» Task goal
Go through the data below. List every line that holds the word "RCpos".

(Stored items)
(* Let $d \geq 0$, let $\mathcal{H}$ be a $(d+1)$-dimensional complex Hilbert space, and let $(\ket{x})_{x \in X}$ be an orthonormal basis of $\mathcal{H}$; call the associated classical structure (the special commutative $\dagger$-Frobenius algebra whose comultiplication copies the basis, $\ket{x} \mapsto \ket{x}\otimes\ket{x}$) the $X$ structure, and the basis vectors the $X$-classical points. Let $\mathbb{G} = (X,\oplus,0)$ be a finite abelian group structure on $X$ (so of order $d+1$), and let $\mathbb{S}$ be a finite consistent system of $\mathbb{G}$-valued $\mathbb{Z}$-module equations $$\bigoplus_{r=1}^{M} n^s_r\, y_r = a^s, \qquad s = 1,\dots,S,$$ with $n^s_r \in \mathbb{Z}$ and $a^s \in \mathbb{G}$, which has no solution in $\mathbb{G}$. Then there exists a quasi-special commutative $\dagger$-Frobenius algebra $Z$ on $\mathcal{H}$ (the $Z$ structure) such that: (i) the $X$ and $Z$ structures are strongly complementary, so that the $X$-classical points form a subgroup $K$ of the abelian group $P$ of $Z$-phases; (ii) the subgroup $K$ of $X$-classical points is isomorphic to $\mathbb{G}$; (iii) the system $\mathbb{S}$ (with its constants $a^s$ regarded as elements of $K \leq P$ via this isomorphism) admits a solution $(y_r := \beta_r)_{r=1}^M$ in the group $P$ of $Z$-phases.
   Context: A system $\bigoplus_{r=1}^{M} n^s_r y_r = a^s$ ($s=1,\dots,S$) of $\mathbb{Z}$-module equations valued in an abelian group $K$ is consistent if, writing $\underline{n}^s = (n^s_1,\dots,n^s_M) \in \mathbb{Z}^M$, for every $J \geq 1$, indices $s_1,\dots,s_J$ and integers $c_1,\dots,c_J$: $\sum_j c_j \underline{n}^{s_j} = \underline{0}$ in $\mathbb{Z}^M$ implies $\bigoplus_j c_j a^{s_j} = 0$ in $K$. If $K \leq P$, a solution in $P$ is a family $(\beta_r)_{r=1}^M$ of elements of $P$ satisfying all equations with $y_r := \beta_r$. A quasi-special commutative $\dagger$-Frobenius algebra on $\mathcal{H}$ consists of a commutative associative unital multiplication $\mu_Z:\mathcal{H}\otimes\mathcal{H}\to\mathcal{H}$ with unit state $\eta_Z$, satisfying the Frobenius law with respect to its adjoint $\mu_Z^\dagger$, and such that $\mu_Z \circ \mu_Z^\dagger$ is a non-zero scalar multiple of the identity. A phase state (a $Z$-phase) is a state $\ket{\psi}$ with $(\bra{\psi}\otimes \mathrm{id}_{\mathcal{H}})\circ \mu_Z^\dagger \circ \ket{\psi} = \eta_Z$; the $Z$-phases form an abelian group $P$ under $(\psi,\phi)\mapsto \mu_Z(\ket{\psi}\otimes\ket{\phi})$ with unit $\eta_Z$ (states identified up to global phase). The $X$ and $Z$ structures are strongly complementary if the multiplication/unit of $Z$ and the comultiplication/counit of $X$ satisfy the bialgebra laws (up to scalars); in that case the $X$-classical points are $Z$-phases and form a subgroup of $P$. *)

theory Defs
  imports Complex_Main "HOL-Algebra.Algebra"
begin
lemma nesting_margin_one_step:
  fixes \<nu> \<delta> RC :: real and xE0 xP0 xC e p :: pt
  assumes RC: "RC = apollonius_radius \<nu> xE0 xP0 + \<delta>" and xC: "xC = apollonius_center \<nu> xE0 xP0"
    and nu: "0 < \<nu>" "\<nu> < 1" and dl: "0 < \<delta>" and ne: "e \<noteq> p"
    and W: "radius_gap \<nu> RC e p > 0" and G: "\<delta>^2 \<le> nesting_margin \<nu> RC xC e p"
  obtains \<eta> K where "0 < \<eta>" "0 \<le> K"
    "\<And>h a b. 0 \<le> h \<Longrightarrow> norm a \<le> \<nu> * h \<Longrightarrow> norm (b - h *\<^sub>R pursuer_law \<nu> \<delta> xE0 xP0 e p) \<le> \<eta> * h \<Longrightarrow>
       nesting_margin \<nu> RC xC e p + 3/2 * margin_rate \<nu> \<delta> RC * h - K * h^2
         \<le> nesting_margin \<nu> RC xC (e + a) (p + b)
       \<and> radius_gap \<nu> RC e p - 3 * ap_gamma \<nu> * h \<le> radius_gap \<nu> RC (e + a) (p + b)"
proof -
  note cs = apollonius_constants[OF nu]
  define w where "w = radius_gap \<nu> RC e p"
  define u where "u = (e - p) /\<^sub>R norm (e - p)"
  define y where "y = apollonius_center \<nu> e p - xC"
  define z where "z = w *\<^sub>R u + \<nu> *\<^sub>R y"
  define D where "D = (1 - \<nu>^2) * \<delta>^2 / (4 * RC)"
  have RCpos: "RC > 0" using RC dl cs unfolding apollonius_radius_def by (simp add: add_nonneg_pos)
  have w: "0 < w" "w \<le> RC" using W cs unfolding w_def radius_gap_def apollonius_radius_def by auto
  have "norm u = 1" using ne unfolding u_def by simp
  from pursuit_direction_advantage[OF this nu w, of "\<delta>^2" y] G dl
  have z: "z \<noteq> 0" and advantage: "D \<le> norm z - norm ((\<nu> * w) *\<^sub>R u + y)"
    unfolding z_def D_def nesting_margin_def w_def y_def by auto
  have law: "pursuer_law \<nu> \<delta> xE0 xP0 e p = z /\<^sub>R norm z"
    unfolding pursuer_law_def Let_def z_def w_def u_def y_def RC xC radius_gap_def by simp
  define \<eta> where "\<eta> = min 1 (D / (4 * norm z))"
  define K where "K = 9 * (w * ap_gamma \<nu> / norm (e - p)) + (ap_alpha \<nu> + 2 * ap_beta \<nu>)^2"
  have \<eta>: "0 < \<eta>" "\<eta> \<le> 1" "norm z * \<eta> \<le> D / 4"
    using RCpos cs dl z by (auto simp: \<eta>_def D_def min_def field_simps)
  show thesis
  proof (rule that[of \<eta> K])
    show "0 < \<eta>" by (rule \<eta>(1))
    show "0 \<le> K" unfolding K_def using w cs by simp
    fix h :: real and a b :: pt
    assume h: "0 \<le> h" and a: "norm a \<le> \<nu> * h"
      and b: "norm (b - h *\<^sub>R pursuer_law \<nu> \<delta> xE0 xP0 e p) \<le> \<eta> * h"
    have "nesting_margin \<nu> RC xC e p + 3/2 * margin_rate \<nu> \<delta> RC * h - K * h^2
        \<le> nesting_margin \<nu> RC xC (e + a) (p + b)"
      using nesting_margin_step_ge[OF nu ne _ _ h a _ \<eta>(2) advantage[unfolded z_def w_def u_def y_def]]
        w z b \<eta>(3) unfolding law z_def w_def u_def y_def K_def margin_rate_def D_def[symmetric]
      by (simp add: mult.assoc)
    moreover have "norm (a - b) \<le> 3 * h"
    proof -
      have "norm (z /\<^sub>R norm z) = 1" using z by simp
      then have "norm b \<le> 2 * h" using norm_le_of_near_unit_step[OF _ b[unfolded law] \<eta>(2) h] by simp
      moreover have "\<nu> * h \<le> 1 * h" using nu h by (intro mult_right_mono) auto
      ultimately show ?thesis using norm_triangle_ineq4[of a b] a by linarith
    qed
    then have "ap_gamma \<nu> * norm (e + a - (p + b)) \<le> ap_gamma \<nu> * (norm (e - p) + 3 * h)"
      using cs norm_triangle_ineq[of "e - p" "a - b"] by (intro mult_left_mono) (auto simp: algebra_simps)
    then have "radius_gap \<nu> RC e p - 3 * ap_gamma \<nu> * h \<le> radius_gap \<nu> RC (e + a) (p + b)"
      unfolding radius_gap_def apollonius_radius_def by (simp add: algebra_simps)
    ultimately show "nesting_margin \<nu> RC xC e p + 3/2 * margin_rate \<nu> \<delta> RC * h - K * h^2
        \<le> nesting_margin \<nu> RC xC (e + a) (p + b)
      \<and> radius_gap \<nu> RC e p - 3 * ap_gamma \<nu> * h \<le> radius_gap \<nu> RC (e + a) (p + b)" ..
  qed
qed

lemma nesting_margin_grows_locally:
  fixes xE xP :: "real \<Rightarrow> pt"
  assumes RC: "RC = apollonius_radius \<nu> xE0 xP0 + \<delta>" and xC: "xC = apollonius_center \<nu> xE0 xP0"
    and nu: "0 < \<nu>" "\<nu> < 1" and dl: "0 < \<delta>"
    and lip: "\<nu>-lipschitz_on {t0..} xE" and t: "t0 \<le> t" and ne: "xE t \<noteq> xP t"
    and der: "(xP has_vector_derivative pursuer_law \<nu> \<delta> xE0 xP0 (xE t) (xP t)) (at t within {t0..})"
    and W: "radius_gap \<nu> RC (xE t) (xP t) > 0" and G: "\<delta>^2 \<le> nesting_margin \<nu> RC xC (xE t) (xP t)"
  shows "\<exists>d>0. \<forall>h. 0 < h \<and> h < d \<longrightarrow>
      nesting_margin \<nu> RC xC (xE t) (xP t) + margin_rate \<nu> \<delta> RC * h \<le> nesting_margin \<nu> RC xC (xE (t + h)) (xP (t + h))
      \<and> radius_gap \<nu> RC (xE (t + h)) (xP (t + h)) > 0"
proof -
  note cs = apollonius_constants[OF nu]
  define c where "c = margin_rate \<nu> \<delta> RC"
  define w where "w = radius_gap \<nu> RC (xE t) (xP t)"
  have c: "c > 0" unfolding c_def RC by (rule margin_rate_pos[OF nu dl])
  obtain \<eta> K where \<eta>: "0 < \<eta>" and K: "0 \<le> K" and step:
    "\<And>h a b. 0 \<le> h \<Longrightarrow> norm a \<le> \<nu> * h \<Longrightarrow>
       norm (b - h *\<^sub>R pursuer_law \<nu> \<delta> xE0 xP0 (xE t) (xP t)) \<le> \<eta> * h \<Longrightarrow>
       nesting_margin \<nu> RC xC (xE t) (xP t) + 3/2 * c * h - K * h^2
         \<le> nesting_margin \<nu> RC xC (xE t + a) (xP t + b)
       \<and> w - 3 * ap_gamma \<nu> * h \<le> radius_gap \<nu> RC (xE t + a) (xP t + b)"
    using nesting_margin_one_step[OF RC xC nu dl ne W G] unfolding c_def w_def by metis
  obtain d1 where d1: "d1 > 0" and tangent: "\<And>s. s \<in> {t0..} \<Longrightarrow> norm (s - t) < d1 \<Longrightarrow>
      norm (xP s - xP t - (s - t) *\<^sub>R pursuer_law \<nu> \<delta> xE0 xP0 (xE t) (xP t)) \<le> \<eta> * norm (s - t)"
    using der \<eta> unfolding has_vector_derivative_def has_derivative_within_alt by blast
  define d where "d = min d1 (min (c / (2 * K + 1)) (w / (3 * ap_gamma \<nu>)))"
  show ?thesis
  proof (intro exI[of _ d] conjI allI impI)
    show "d > 0" unfolding d_def using d1 c K W cs w_def by simp
    fix h assume h: "0 < h \<and> h < d"
    have "norm (xE (t + h) - xE t) \<le> \<nu> * h"
      using lipschitz_on_normD[OF lip, of "t + h" t] t h by simp
    moreover have "norm (xP (t + h) - xP t - h *\<^sub>R pursuer_law \<nu> \<delta> xE0 xP0 (xE t) (xP t)) \<le> \<eta> * h"
      using tangent[of "t + h"] t h unfolding d_def by simp
    ultimately have one_step:
      "nesting_margin \<nu> RC xC (xE t) (xP t) + 3/2 * c * h - K * h^2
         \<le> nesting_margin \<nu> RC xC (xE (t + h)) (xP (t + h))"
      "w - 3 * ap_gamma \<nu> * h \<le> radius_gap \<nu> RC (xE (t + h)) (xP (t + h))"
      using step[of h "xE (t + h) - xE t" "xP (t + h) - xP t"] h by auto
    have "K * h \<le> K * (c / (2 * K + 1))" using h K unfolding d_def by (intro mult_left_mono) auto
    also have "\<dots> \<le> c / 2" using K c by (simp add: field_simps)
    finally have "K * h^2 \<le> c / 2 * h" using h by (simp add: power2_eq_square mult_right_mono mult.assoc[symmetric])
    then show "nesting_margin \<nu> RC xC (xE t) (xP t) + margin_rate \<nu> \<delta> RC * h
        \<le> nesting_margin \<nu> RC xC (xE (t + h)) (xP (t + h))"
      using one_step(1) unfolding c_def by linarith
    have "3 * ap_gamma \<nu> * h < w" using h cs unfolding d_def by (simp add: field_simps)
    then show "radius_gap \<nu> RC (xE (t + h)) (xP (t + h)) > 0" using one_step(2) by linarith
  qed
qed

section \<open>Capture under the pursuer law\<close>

lemma admissible_traj_lipschitz:
  assumes "admissible_traj c t0 x0 x" and "0 \<le> c"
  shows "c-lipschitz_on {t0..} x"
  using assms by (intro lipschitz_onI) (auto simp: admissible_traj_def dist_real_def)

lemma real_interval_induction:
  fixes P :: "real \<Rightarrow> bool" and a b :: real
  assumes past: "\<And>s. a < s \<Longrightarrow> s \<le> b \<Longrightarrow> (\<forall>r. a \<le> r \<and> r < s \<longrightarrow> P r) \<Longrightarrow> P s"
    and start: "P a"
    and future: "\<And>s. a \<le> s \<Longrightarrow> s < b \<Longrightarrow> P s \<Longrightarrow> \<exists>d>0. \<forall>h. 0 < h \<and> h < d \<longrightarrow> P (s + h)"
    and s: "a \<le> s" "s \<le> b"
  shows "P s"
proof (rule ccontr)
  define B where "B = {r. a \<le> r \<and> r \<le> b \<and> \<not> P r}"
  assume "\<not> P s"
  then have B: "B \<noteq> {}" "bdd_below B" using s unfolding B_def by (auto intro: bdd_belowI[of _ a])
  define s1 where "s1 = Inf B"
  have lower: "s1 \<le> r" if "r \<in> B" for r unfolding s1_def using that B(2) by (rule cInf_lower)
  have "a \<le> s1" unfolding s1_def using B(1) by (rule cInf_greatest) (simp add: B_def)
  moreover have "s1 \<le> b" using B(1) lower unfolding B_def by fastforce
  ultimately have s1: "a \<le> s1" "s1 \<le> b" .
  have below: "\<forall>r. a \<le> r \<and> r < s1 \<longrightarrow> P r" using lower s1 unfolding B_def by force
  have Ps1: "P s1" using past[OF _ s1(2) below] start s1(1) by (cases "s1 = a") auto
  have "s1 \<noteq> b"
  proof
    assume "s1 = b"
    obtain r where "r \<in> B" using B(1) by blast
    then have "r = b" "\<not> P r" using lower[of r] \<open>s1 = b\<close> unfolding B_def by auto
    then show False using Ps1 \<open>s1 = b\<close> by simp
  qed
  then have "s1 < b" using s1(2) by simp
  then obtain d where d: "d > 0" "\<forall>h. 0 < h \<and> h < d \<longrightarrow> P (s1 + h)" using future s1(1) Ps1 by blast
  have "s1 + d \<le> r" if r: "r \<in> B" for r
  proof (rule ccontr)
    have "\<not> P r" using r unfolding B_def by simp
    then have "s1 < r" using lower[OF r] Ps1 by (cases "r = s1") auto
    moreover assume "\<not> s1 + d \<le> r"
    ultimately show False using d(2)[rule_format, of "r - s1"] \<open>\<not> P r\<close> by simp
  qed
  then have "s1 + d \<le> s1" unfolding s1_def using cInf_greatest[OF B(1)] by blast
  then show False using d(1) by simp
qed

lemma continuous_ge_right_endpoint:
  fixes f :: "real \<Rightarrow> real"
  assumes "continuous_on {a..b} f" "a < b" "\<And>r. a \<le> r \<Longrightarrow> r < b \<Longrightarrow> c \<le> f r"
  shows "c \<le> f b"
  using assms by (intro continuous_ge_on_closure[of "{a..<b}" f b c]) auto

lemma capture_time_exists:
  fixes xE xP :: "real \<Rightarrow> pt"
  assumes "continuous_on {t0..} xE" "continuous_on {t0..} xP" "t0 \<le> t1" "xP t1 = xE t1"
  obtains tf where "capture_time t0 xE xP tf"
proof -
  define S where "S = {t0..} \<inter> (\<lambda>t. xP t - xE t) -` {0}"
  have "closed S" unfolding S_def
    using assms(1,2) by (intro continuous_closed_preimage) (auto intro!: continuous_intros)
  moreover have S: "S \<noteq> {}" "bdd_below S" using assms(3,4) unfolding S_def by (auto intro: bdd_belowI[of _ t0])
  ultimately have "Inf S \<in> S" by (rule closed_contains_Inf[rotated 2])
  moreover have "Inf S \<le> t" if "t \<in> S" for t using that S(2) by (rule cInf_lower)
  ultimately have "capture_time t0 xE xP (Inf S)"
    unfolding capture_time_def S_def by (auto simp: not_le[symmetric])
  then show thesis by (rule that)
qed

context
  fixes \<nu> \<delta> t0 :: real and xE0 xP0 :: pt and xE xP :: "real \<Rightarrow> pt"
  assumes nu: "0 < \<nu>" "\<nu> < 1" and ne: "xE0 \<noteq> xP0" and dl: "0 < \<delta>"
    and admE: "admissible_traj \<nu> t0 xE0 xE" and P0: "xP t0 = xP0" and contP: "continuous_on {t0..} xP"
    and derP: "\<forall>t\<ge>t0. (\<forall>s. t0 \<le> s \<and> s \<le> t \<longrightarrow> xP s \<noteq> xE s) \<longrightarrow>
      (xP has_vector_derivative pursuer_law \<nu> \<delta> xE0 xP0 (xE t) (xP t)) (at t within {t0..})"
  fixes RC :: real and xC :: pt
  defines "RC \<equiv> apollonius_radius \<nu> xE0 xP0 + \<delta>" and "xC \<equiv> apollonius_center \<nu> xE0 xP0"
begin

lemma evader_lipschitz: "\<nu>-lipschitz_on {t0..} xE"
  using admissible_traj_lipschitz[OF admE] nu by simp

lemma evader_continuous: "continuous_on {t0..} xE"
  using lipschitz_on_continuous_on[OF evader_lipschitz] .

» Response to this task
  have RCpos: "RC > 0" using RC dl cs unfolding apollonius_radius_def by (simp add: add_nonneg_pos)
    using RCpos cs dl z by (auto simp: \<eta>_def D_def min_def field_simps)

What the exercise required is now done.